About Orphan Drug Designation
Drugs that receive orphan-drug designation from FDA are entitled to seven years of marketing exclusivity if they are approved by the FDA for the same rare disease. The Orphan Drug Designation program provides orphan status to drugs and biologics which are defined as those intended for the safe and effective treatment, diagnosis or prevention of rare diseases or disorders that affect fewer than 200,000 people in the U.S., or that affect more than 200,000 persons but are not expected to recover the costs of developing and marketing a treatment drug.
About MN-166 (ibudilast)
MN-166 (ibudilast) has been marketed in Japan and Korea since 1989 to treat post-stroke complications and bronchial asthma.

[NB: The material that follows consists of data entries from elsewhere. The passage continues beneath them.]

(* Let $\mathcal{M}$ be a model category with localization functor $h:\mathcal{M}\to\mathbf{Ho}(\mathcal{M})$. If two diagrams $F:\underline{I}\to\mathcal{M}$ and $G:\underline{J}\to\mathcal{M}$ (objects of $\mathrm{diag}(\mathcal{M})$) are related by a span $F\leftarrow H\rightarrow G$ in $\mathrm{diag}(\mathcal{M})$ of maps which are open up to homotopy, then $F$ and $G$ are bisimilar up to homotopy.
   Context: For a category $\mathcal{K}$, $\mathrm{diag}(\mathcal{K})$ has as objects functors $F:\underline{I}\to\mathcal{K}$ from small categories; a morphism from $F:\underline{I}_1\to\mathcal{K}$ to $G:\underline{I}_2\to\mathcal{K}$ is a pair $(f,\mu)$ with $f:\underline{I}_1\to\underline{I}_2$ a functor and $\mu:F\Rightarrow G\circ f$ a natural transformation; composition $(g,\nu)(f,\mu)=(gf,(\nu f)\odot\mu)$. A morphism $(f,\mu):F\to G$ is open if $f$ is surjective on objects, every morphism $f(i)\to j'$ of $\underline{I}_2$ is the image $f(\phi)$ of some morphism $\phi:i\to j$ of $\underline{I}_1$, and $\mu$ is a natural isomorphism. Two objects $F:\underline{I}\to\mathcal{K}$, $G:\underline{J}\to\mathcal{K}$ are bisimilar if there is a set $\mathcal{R}$ of triples $(i,\eta,j)$, $i\in\underline{I}$, $j\in\underline{J}$, $\eta:F(i)\cong G(j)$ an isomorphism, such that every object of $\underline{I}$ and every object of $\underline{J}$ occurs in some triple; for every $(i,\eta,j)\in\mathcal{R}$ and $\phi:i\to i'$ there are $(i',\eta',j')\in\mathcal{R}$ and $\psi:j\to j'$ with $\eta'F(\phi)=G(\psi)\eta$; and symmetrically for every $(i,\eta,j)\in\mathcal{R}$ and $\psi:j\to j'$ there are $(i',\eta',j')\in\mathcal{R}$ and $\phi:i\to i'$ with $\eta'F(\phi)=G(\psi)\eta$. A morphism $(f,\mu):F\to G$ of $\mathrm{diag}(\mathcal{M})$ is open up to homotopy if $(f,h\mu):h\circ F\to h\circ G$ is open in $\mathrm{diag}(\mathbf{Ho}(\mathcal{M}))$; $F,G$ are bisimilar up to homotopy if $h\circ F$ and $h\circ G$ are bisimilar. *)

theory Defs
  imports Main
begin

text \<open>A category with object type 'o and arrow type 'a. cmp g f is g after f,
  defined when cd f = dm g.\<close>
record ('o,'a) cat =
  ob  :: "'o set"
  ar  :: "'a set"
  dm  :: "'a \<Rightarrow> 'o"
  cd  :: "'a \<Rightarrow> 'o"
  idn :: "'o \<Rightarrow> 'a"
  cmp :: "'a \<Rightarrow> 'a \<Rightarrow> 'a"

definition is_category :: "('o,'a) cat \<Rightarrow> bool" where
  "is_category C \<longleftrightarrow>
     (\<forall>f\<in>ar C. dm C f \<in> ob C \<and> cd C f \<in> ob C) \<and>
     (\<forall>x\<in>ob C. idn C x \<in> ar C \<and> dm C (idn C x) = x \<and> cd C (idn C x) = x) \<and>
     (\<forall>f\<in>ar C. \<forall>g\<in>ar C. cd C f = dm C g \<longrightarrow>
        cmp C g f \<in> ar C \<and> dm C (cmp C g f) = dm C f \<and> cd C (cmp C g f) = cd C g) \<and>
     (\<forall>f\<in>ar C. cmp C f (idn C (dm C f)) = f \<and> cmp C (idn C (cd C f)) f = f) \<and>
     (\<forall>f\<in>ar C. \<forall>g\<in>ar C. \<forall>k\<in>ar C. cd C f = dm C g \<longrightarrow> cd C g = dm C k \<longrightarrow>
        cmp C k (cmp C g f) = cmp C (cmp C k g) f)"

definition hom_arr :: "('o,'a) cat \<Rightarrow> 'a \<Rightarrow> 'o \<Rightarrow> 'o \<Rightarrow> bool" where
  "hom_arr C f x y \<longleftrightarrow> f \<in> ar C \<and> dm C f = x \<and> cd C f = y"

definition is_iso :: "('o,'a) cat \<Rightarrow> 'a \<Rightarrow> bool" where
  "is_iso C f \<longleftrightarrow> f \<in> ar C \<and>
     (\<exists>g. hom_arr C g (cd C f) (dm C f) \<and>
          cmp C g f = idn C (dm C f) \<and> cmp C f g = idn C (cd C f))"

record ('o1,'a1,'o2,'a2) ftor =
  fo :: "'o1 \<Rightarrow> 'o2"
  fa :: "'a1 \<Rightarrow> 'a2"

definition is_functor :: "('o1,'a1) cat \<Rightarrow> ('o2,'a2) cat \<Rightarrow> ('o1,'a1,'o2,'a2) ftor \<Rightarrow> bool" where
  "is_functor C D F \<longleftrightarrow> is_category C \<and> is_category D \<and>
     (\<forall>x\<in>ob C. fo F x \<in> ob D) \<and>
     (\<forall>f\<in>ar C. hom_arr D (fa F f) (fo F (dm C f)) (fo F (cd C f))) \<and>
     (\<forall>x\<in>ob C. fa F (idn C x) = idn D (fo F x)) \<and>
     (\<forall>f\<in>ar C. \<forall>g\<in>ar C. cd C f = dm C g \<longrightarrow> fa F (cmp C g f) = cmp D (fa F g) (fa F f))"

definition fcomp :: "('o2,'a2,'o3,'a3) ftor \<Rightarrow> ('o1,'a1,'o2,'a2) ftor \<Rightarrow> ('o1,'a1,'o3,'a3) ftor" where
  "fcomp G F = \<lparr>fo = fo G \<circ> fo F, fa = fa G \<circ> fa F\<rparr>"

definition feq :: "('o1,'a1) cat \<Rightarrow> ('o1,'a1,'o2,'a2) ftor \<Rightarrow> ('o1,'a1,'o2,'a2) ftor \<Rightarrow> bool" where
  "feq C F G \<longleftrightarrow> (\<forall>x\<in>ob C. fo F x = fo G x) \<and> (\<forall>f\<in>ar C. fa F f = fa G f)"

definition is_nat_trans :: "('o1,'a1) cat \<Rightarrow> ('o2,'a2) cat \<Rightarrow> ('o1,'a1,'o2,'a2) ftor
     \<Rightarrow> ('o1,'a1,'o2,'a2) ftor \<Rightarrow> ('o1 \<Rightarrow> 'a2) \<Rightarrow> bool" where
  "is_nat_trans C D F G mu \<longleftrightarrow> is_functor C D F \<and> is_functor C D G \<and>
     (\<forall>x\<in>ob C. hom_arr D (mu x) (fo F x) (fo G x)) \<and>
     (\<forall>f\<in>ar C. cmp D (mu (cd C f)) (fa F f) = cmp D (fa G f) (mu (dm C f)))"

definition is_nat_iso :: "('o1,'a1) cat \<Rightarrow> ('o2,'a2) cat \<Rightarrow> ('o1,'a1,'o2,'a2) ftor
     \<Rightarrow> ('o1,'a1,'o2,'a2) ftor \<Rightarrow> ('o1 \<Rightarrow> 'a2) \<Rightarrow> bool" where
  "is_nat_iso C D F G mu \<longleftrightarrow> is_nat_trans C D F G mu \<and> (\<forall>x\<in>ob C. is_iso D (mu x))"

definition has_terminal :: "('o,'a) cat \<Rightarrow> bool" where
  "has_terminal C \<longleftrightarrow> (\<exists>t\<in>ob C. \<forall>x\<in>ob C. \<exists>!f. hom_arr C f x t)"

definition has_initial :: "('o,'a) cat \<Rightarrow> bool" where
  "has_initial C \<longleftrightarrow> (\<exists>t\<in>ob C. \<forall>x\<in>ob C. \<exists>!f. hom_arr C f t x)"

MediciNova is developing MN-166 for progressive multiple sclerosis (MS) and other neurological conditions such as ALS and substance abuse/addiction. MN-166 (ibudilast) is a first-in-class, orally bioavailable, small molecule phosphodiesterase (PDE) -4 and -10 inhibitor and a macrophage migration inhibitory factor (MIF) inhibitor that suppresses pro-inflammatory cytokines and promotes neurotrophic factors. It attenuates activated glia cells, which play a major role in certain neurological conditions. Ibudilast’s anti-neuroinflammatory and neuroprotective actions have been demonstrated in preclinical and clinical study results and provide the rationale for its therapeutic utility in neurodegenerative diseases (e.g., progressive MS and ALS), substance abuse/addiction and chronic neuropathic pain. MediciNova has a portfolio of patents which cover the use of MN-166 (ibudilast) to treat various diseases including progressive MS, ALS, and drug addiction.